Будь японцы настоящими, классическими самураями, все могло сложиться совсем иначе. Самурай, один из символов Японии и столпов ее общества, явление, уникальное только на первый взгляд. Если же внимательно присмотреться, то в любой стране, прошедшей через период феодализма, имелось нечто подобное. В России ближайшим аналогом самурая являлся боевой холоп — воин из крепостных, идущий в бой вместе со своим хозяином. В те времена, когда на службу положено было являться «конно, людно и оружно», вполне себе распространенная и уважаемая прослойка общества, профессиональный воин, причем высокого класса. Со своим внутренним кодексом, в чем‑то совпадающим с самурайским, в чем‑то отличающимся от него. И такие воины, мало отличающиеся друг от друга, существовали везде. Только вот в большинстве стран они к началу двадцатого века благополучно вымерли, в Японии же, в силу ее резкого, скачкообразного перехода из эпохи в эпоху, минуя промежуточные стадии, самураи ухитрились сохраниться. Да, заимствованные у более развитых стран технологии и, частично, уклады отодвинули самураев на обочину, однако не уничтожили. Вот и сохранилась их каста, и, как и любые не боящиеся смерти профессиональные солдаты, они приветствовались в армии. За ними тянулись, им подражали, и необходимость ходить строем вкупе с прусской муштрой, на основе которых создавалась регулярная японская армия, не могли изменить их сути.

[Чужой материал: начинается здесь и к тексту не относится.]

lemma exists_regular_opening_point:
  assumes x0: "x0 = 0 \<or> x0 = L"
  obtains z where "z \<in> closed_segment (Complex x0 (-a)) (Complex x0 a)" "z \<in> K"
    "z \<notin> corners L a b wall"
proof -
  define S where "S = (\<Union>k\<in>{1..b}. {y. Complex x0 y \<in> sphere (cen k) (rad k)})"
  have "finite S" unfolding S_def using finite_vertical_line_inter_sphere by auto
  then have "infinite ({-a<..<a} - S)" using params_pos(2) by (intro Diff_infinite_finite) auto
  then obtain y where y: "y \<in> {-a<..<a}" "y \<notin> S" by (metis Diff_iff ex_in_conv finite.emptyI)
  define z where "z = Complex x0 y"
  have zs: "z \<in> closed_segment (Complex x0 (-a)) (Complex x0 a)"
    unfolding z_def using y(1) params_pos(2) by (intro Complex_in_vertical_segment) auto
  have "z \<in> openings" using zs x0 by (auto simp: opening_L_def opening_R_def)
  then have zK: "z \<in> K" using openings_subset_frontier by auto
  have piece_z: "i = (if x0 = 0 then 0 else Suc b)" if "i \<in> {0..Suc b}" "z \<in> piece L a b wall i" for i
  proof -
    have Re_openings: "Re w = 0" if "w \<in> opening_L a" for w
      using that by (auto simp: opening_L_def in_segment scaleR_complex.ctr)
    have Re_openings': "Re w = L" if "w \<in> opening_R L a" for w
      using that by (auto simp: opening_R_def in_segment scaleR_complex.ctr algebra_simps)
    have "i = 0 \<or> i = Suc b \<or> i \<in> {1..b}" using that(1) by (simp only: atLeastAtMost_iff) arith
    then consider "i = 0" | "i = Suc b" | "i \<in> {1..b}" by blast
    then show ?thesis
    proof cases
      case 3
      then have "z \<in> wall i" using that(2) piece_wall by auto
      then show ?thesis using 3 y(2) wall_subset_sphere[OF 3] by (auto simp: S_def z_def)
    qed (use that(2) x0 params_pos(1) in \<open>auto simp: piece_def z_def dest: Re_openings Re_openings'\<close>)
  qed
  have "z \<notin> corners L a b wall"
    unfolding corners_def using piece_z by blast
  then show ?thesis using that zs zK by blast
qed

definition clear_segment :: "complex \<Rightarrow> complex \<Rightarrow> bool" where
  "clear_segment x q \<longleftrightarrow> closed_segment x q \<subseteq> cell Gbox L r \<and> closed_segment x q \<inter> K \<subseteq> {q}
     \<and> closed_segment x q \<inter> sphere c r \<subseteq> {x} \<and> (q - x) \<bullet> (x - c) \<noteq> 0"

lemma clear_segmentI:
  assumes x: "x \<in> sphere c r" and q: "q \<in> K" and out: "0 < (q - x) \<bullet> (x - c)"
    and K: "closed_segment x q \<inter> K \<subseteq> {q}"
  shows "clear_segment x q"
proof -
  have start: "w = x" if "w \<in> closed_segment x q" "dist c w \<le> r" for w
    using closed_segment_inter_cball_start[OF _ out that] x by simp
  have "x \<in> Gbox" using x cball_subset_Gbox sphere_cball by blast
  moreover have "q \<in> Gbox" using q frontier_subset_Gbox by blast
  ultimately have "closed_segment x q \<subseteq> Gbox" using K by (rule closed_segment_subset_if_frontier_inter)
  moreover have "w \<notin> ball c r" if "w \<in> closed_segment x q" for w
  proof
    assume "w \<in> ball c r"
    with start[OF that] x show False by simp
  qed
  ultimately have "closed_segment x q \<subseteq> cell Gbox L r" by (auto simp: cell_def)
  moreover have "closed_segment x q \<inter> sphere c r \<subseteq> {x}" using start by auto
  ultimately show ?thesis using K out by (simp add: clear_segment_def)
qed
lemma nonprincipal_absorbs_finite:
  assumes g: "graph V E" and t: "Pk'_tangle V E k \<tau>" and r: "regular V \<tau>"
    and X: "X \<subseteq> V" "finite X" "card X < k"
    and np: "\<forall>K \<in> components V E X. (V - K, K \<union> X) \<notin> \<tau>"
    and Y: "finite Y" "Y \<subseteq> V"
  shows "\<exists>U W. (U, W) \<in> \<tau> \<and> U \<inter> W \<subseteq> X \<and> Y \<subseteq> U"
proof -
  have o: "orientation V E k \<tau>" using t unfolding Pk'_tangle_def by auto
  define F where "F = (\<lambda>y. (component_of V E X y \<union> X, V - component_of V E X y)) ` (Y - X)"
  have "F \<subseteq> \<tau>"
  proof
    fix p assume "p \<in> F"
    then obtain y where y: "y \<in> V - X"
      and p: "p = (component_of V E X y \<union> X, V - component_of V E X y)"
      using Y unfolding F_def by blast
    note K = component_of_sep[OF g X(1) y]
    have "(V - component_of V E X y, component_of V E X y \<union> X) \<in> vSk V E k"
      using K(1,2) X unfolding vSk_def order_lt_def by simp
    then show "p \<in> \<tau>" using orientation_contains_either[OF o] np K(4) p by blast
  qed
  moreover have "finite F" using Y(1) unfolding F_def by simp
  moreover have "\<forall>(A, B) \<in> F. A \<inter> B \<subseteq> X"
    using component_of_subset unfolding F_def by fastforce
  ultimately obtain W where "(X \<union> \<Union> (fst ` F), W) \<in> \<tau>" "(X \<union> \<Union> (fst ` F)) \<inter> W \<subseteq> X"
    using tangle_join_finite[OF g t r regular_contains_small_side[OF o r X], of X] X(2,3)
    by (simp add: Un_absorb) blast
  moreover have "Y \<subseteq> X \<union> \<Union> (fst ` F)"
  proof
    fix y assume "y \<in> Y"
    show "y \<in> X \<union> \<Union> (fst ` F)"
    proof (cases "y \<in> X")
      case False
      with \<open>y \<in> Y\<close> have "component_of V E X y \<union> X \<in> fst ` F"
        unfolding F_def by force
      moreover have "y \<in> component_of V E X y"
        using component_of_sep(3)[OF g X(1)] False \<open>y \<in> Y\<close> Y(2) by blast
      ultimately show ?thesis by blast
    qed simp
  qed
  ultimately show ?thesis by blast
qed

lemma star_sep_subset_interior:
  assumes "star V E \<sigma>" and "(A, B) \<in> \<sigma>"
  shows "A \<inter> B \<subseteq> interior_sep V \<sigma>"
proof -
  have "is_sep V E A B" using assms unfolding star_def by blast
  then have "A \<subseteq> V" unfolding is_sep_def by blast
  moreover have "A \<inter> B \<subseteq> snd q" if "q \<in> \<sigma>" for q
  proof (cases "q = (A, B)")
    case False
    obtain C D where q: "q = (C, D)" by fastforce
    then have "sep_le (A, B) (D, C)" using False assms that unfolding star_def by blast
    then show ?thesis unfolding q sep_le_def by auto
  qed simp
  ultimately show ?thesis unfolding interior_sep_def by blast
qed

lemma interior_Un_small_sides:
  assumes "\<forall>(A, B) \<in> \<sigma>. A \<union> B = V"
  shows "V = interior_sep V \<sigma> \<union> \<Union> (fst ` \<sigma>)"
  using assms unfolding interior_sep_def by fastforce
lemma accessible_trans:
  assumes "accessible N w p a b" and "accessible N w p b c" and "a \<in> S"
  shows "accessible N w p a c"
proof -
  obtain k m where "k \<ge> 1" "0 < trans_pow N w p k a b" "0 < trans_pow N w p m b c"
    using assms(1,2) by (auto simp: accessible_def)
  moreover have "trans_pow N w p k a b * trans_pow N w p m b c \<le> trans_pow N w p (k + m) a c"
    using assms(3) by (rule trans_pow_mult_le)
  ultimately show ?thesis
    unfolding accessible_def by (metis mult_pos_pos order.strict_trans2 trans_le_add1)
qed

lemma first_passage_nonneg: "u \<in> S \<Longrightarrow> 0 \<le> first_passage N w p n u x"
  by (induction n arbitrary: u rule: induct_nat_012)
    (auto simp: trans_prob_def maps_into prob_nonneg intro!: sum_nonneg mult_nonneg_nonneg)

lemma first_passage_le_trans_pow: "u \<in> S \<Longrightarrow> first_passage N w p n u x \<le> trans_pow N w p n u x"
proof (induction n arbitrary: u rule: induct_nat_012)
  case (ge2 n)
  have "p l u * (if w l u = x then 0 else first_passage N w p (Suc n) (w l u) x)
      \<le> p l u * trans_pow N w p (Suc n) (w l u) x" if "l < N" for l
    using ge2 that by (intro mult_left_mono)
      (auto simp: maps_into prob_nonneg trans_pow_nonneg simp del: trans_pow.simps)
  then show ?case
    unfolding first_passage.simps trans_pow.simps(2)[of N w p "Suc n"] by (intro sum_mono) simp
qed (simp_all add: trans_prob_def)

text \<open>\<open>hit_before n u x\<close> is the probability that the chain started at \<open>u\<close> visits \<open>x\<close> at one of
  the times \<open>1, \<dots>, n - 1\<close>.\<close>

definition hit_before :: "nat \<Rightarrow> 'a \<Rightarrow> 'a \<Rightarrow> real" where
  "hit_before n u x = (\<Sum>m<n. first_passage N w p m u x)"

lemma hit_before_Suc_Suc:
  "hit_before (Suc (Suc n)) u x =
     (\<Sum>l<N. p l u * (if w l u = x then 1 else hit_before (Suc n) (w l u) x))"
proof (induction n arbitrary: u)
  case 0
  show ?case by (simp add: hit_before_def trans_prob_def cong: if_cong)
next
  case (Suc n)
  have "hit_before (Suc (Suc (Suc n))) u x
      = hit_before (Suc (Suc n)) u x + first_passage N w p (Suc (Suc n)) u x"
    by (simp add: hit_before_def)
  also have "\<dots> = (\<Sum>l<N. p l u * (if w l u = x then 1 else hit_before (Suc n) (w l u) x)
      + p l u * (if w l u = x then 0 else first_passage N w p (Suc n) (w l u) x))"
    by (simp only: Suc.IH first_passage.simps sum.distrib)
  also have "\<dots> = (\<Sum>l<N. p l u * (if w l u = x then 1 else hit_before (Suc (Suc n)) (w l u) x))"
    by (intro sum.cong) (auto simp: hit_before_def distrib_left)
  finally show ?case .
qed

lemma hit_before_mono: "u \<in> S \<Longrightarrow> m \<le> n \<Longrightarrow> hit_before m u x \<le> hit_before n u x"
  unfolding hit_before_def by (intro sum_mono2) (auto simp: first_passage_nonneg)

lemma hit_before_le_1: "u \<in> S \<Longrightarrow> hit_before n u x \<le> 1"
proof -
  have "u \<in> S \<Longrightarrow> hit_before (Suc n) u x \<le> 1" for u
  proof (induction n arbitrary: u)
    case (Suc n)
    then show ?case unfolding hit_before_Suc_Suc by (intro sum_weighted_le_1) (auto simp: maps_into)
  qed (simp add: hit_before_def)
  then show "u \<in> S \<Longrightarrow> hit_before n u x \<le> 1"
    using hit_before_mono[of u n "Suc n" x] by force
qed

lemma hit_before_eq_0:
  assumes "u \<in> S" and "\<not> accessible N w p u x"
  shows "hit_before n u x = 0"
proof -
  have "first_passage N w p m u x = 0" for m
  proof (cases "m = 0")
    case False
    then have "trans_pow N w p m u x \<le> 0"
      using assms(2) by (metis accessible_def less_one not_le)
    then show ?thesis
      using first_passage_le_trans_pow first_passage_nonneg assms(1) by (meson order_antisym order_trans)
  qed simp
  then show ?thesis by (simp add: hit_before_def)
qed

lemma taboo_pow_nonneg: "u \<in> S \<Longrightarrow> 0 \<le> taboo_pow N w p x k u z"
  by (induction k arbitrary: u) (auto simp: maps_into prob_nonneg intro!: sum_nonneg)
lemma sum_unit_root_powers:
  assumes "u < q" and "v < q"
  shows "(\<Sum>a<q. (unit_root q ^ u * cnj (unit_root q) ^ v) ^ a) = (if u = v then of_nat q else 0)"
proof -
  define \<zeta> where "\<zeta> = unit_root q ^ u * cnj (unit_root q) ^ v"
  have q: "q > 0" using assms by simp
  have \<zeta>: "\<zeta> = cis (2 * pi * (real u - real v) / real q)"
    unfolding \<zeta>_def unit_root_def by (simp add: DeMoivre cis_cnj cis_mult diff_divide_distrib algebra_simps)
  show ?thesis
  proof (cases "u = v")
    case True
    then show ?thesis using \<zeta> unfolding \<zeta>_def by simp
  next
    case False
    have "\<zeta> ^ q = cis (2 * pi * of_int (int u - int v))"
      using \<zeta> q by (simp add: DeMoivre)
    then have \<zeta>q: "\<zeta> ^ q = 1"
      by simp
    have "\<zeta> \<noteq> 1"
    proof
      assume "\<zeta> = 1"
      then have "cos (2 * pi * (real u - real v) / real q) = 1"
        using \<zeta> by (metis cis.sel(1) one_complex.sel(1))
      then obtain m :: int where "2 * pi * (real u - real v) / real q = real_of_int m * 2 * pi"
        using cos_one_2pi_int by auto
      then have "(real u - real v) * (2 * pi) = (m * real q) * (2 * pi)" using q by (simp add: field_simps)
      then have "real u - real v = m * real q" by simp
      then have m: "int u - int v = m * int q" by (metis of_int_eq_iff of_int_mult of_int_of_nat_eq of_int_diff)
      have "\<bar>int u - int v\<bar> < int q" using assms by linarith
      then have "\<bar>m\<bar> * int q < 1 * int q" using m by (simp add: abs_mult)
      then have "\<bar>m\<bar> < 1" by (rule mult_right_less_imp_less) simp
      then have "m = 0" by simp
      then show False using m False by simp
    qed
    then have "(\<Sum>a<q. \<zeta> ^ a) = 0" using geometric_sum[of \<zeta> q] \<zeta>q by simp
    then show ?thesis using False unfolding \<zeta>_def by simp
  qed
qed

Так вот, будь эта четверка японцев самураями, не только с самого детства отменно обученными, но и всегда готовыми к бою, расклады могли оказаться совсем иными. Вот только небольшой, но крайне важный нюанс — самураев никогда не было слишком много. Костяк современной, массовой армии, формируемой по призыву, составляли не они. А вчерашний крестьянин, как его не учи, с потомственным воином сравниться может редко. Дело в том, что при таком подходе на первый план выходит очень меркантильный вопрос — соотношение стоимости подготовки солдата и его эффективности. Проще говоря, солдата учат ходить в ногу, не столько потому, что это красиво, а больше из необходимости добиться от него беспрекословного и незамедлительного выполнения любого приказа. Мозги при этом отключаются, команды выполняются на рефлексах, и очень быстро, в бою это важно. Учат стрелять, основам штыкового и рукопашного боя, но — именно основам. Элитные части, конечно, готовят иначе, но обычная пехота до остального доходит в бою, самостоятельно, и это в чем‑то логично. Обидно и нерационально, если человека натаскивали десять лет, вбухав в его подготовку массу времени и сил, а его потом разорвало снарядом при артобстреле прежде, чем он хоть раз успел побывать в бою. И вот эта четверка, столкнувшаяся с казаками, состояла из представителей как раз такой вот массовой армии, причем не первоклассных. Все же лучшие части японцев на тот момент были сильно прорежены при лихих, но не самых продуманных попытках сходу взломать русскую оборону, а пришедшие им на смену новобранцы в подготовке уступали солдатам довоенного призыва. И, вполне логично, что в ситуации, в которой самурай просто вступил бы в бой, они растерялись. Всего на миг, но и этого оказалось достаточно, поскольку шанс открыть огонь японцы упустили.
Соболев, не теряя даром времени, засветил ближайшему противнику в лоб прикладом сдернутого с плеча карабина, и, пока тот заваливался навзничь, блокировал стволом неловкий выпад второго. Пожалел не миг, что у него карабин, а не обычная трехлинейка со штыком, он бы пришелся здесь кстати, но руки все делали автоматически. Получив жесткий удар в живот, японец сложился пополам, а секунду спустя уже осел с проломленным черепом. Рядом положил своих врагов Коломиец, и справился с этим едва ли не быстрее командира.
Все же была у Коломийца привычка всегда и везде таскать с собой шашку. Соболев свою, кстати, не взял, полагая, что сейчас она будет только мешать, и это не считая того, что добавит лишнего веса, однако его подчиненный, человек упорный или, скорее даже, упертый, как осел, придерживался на этот счет иного мнения. В какое количество лишнего пота ему это обошлось, оставалось только догадываться, но сейчас Златоустовский клинок пришелся как нельзя кстати. А уж владеть им Коломиец, как и любой казак, умел с детства, и не японцам с их достаточно посредственной фехтовальной школой ему было противостоять. Тем более, не обычным японским солдатам. В ту (или все же в эту?) войну японскую кавалерию казаки вырубали начисто, и Коломиец готов был поддержать традицию.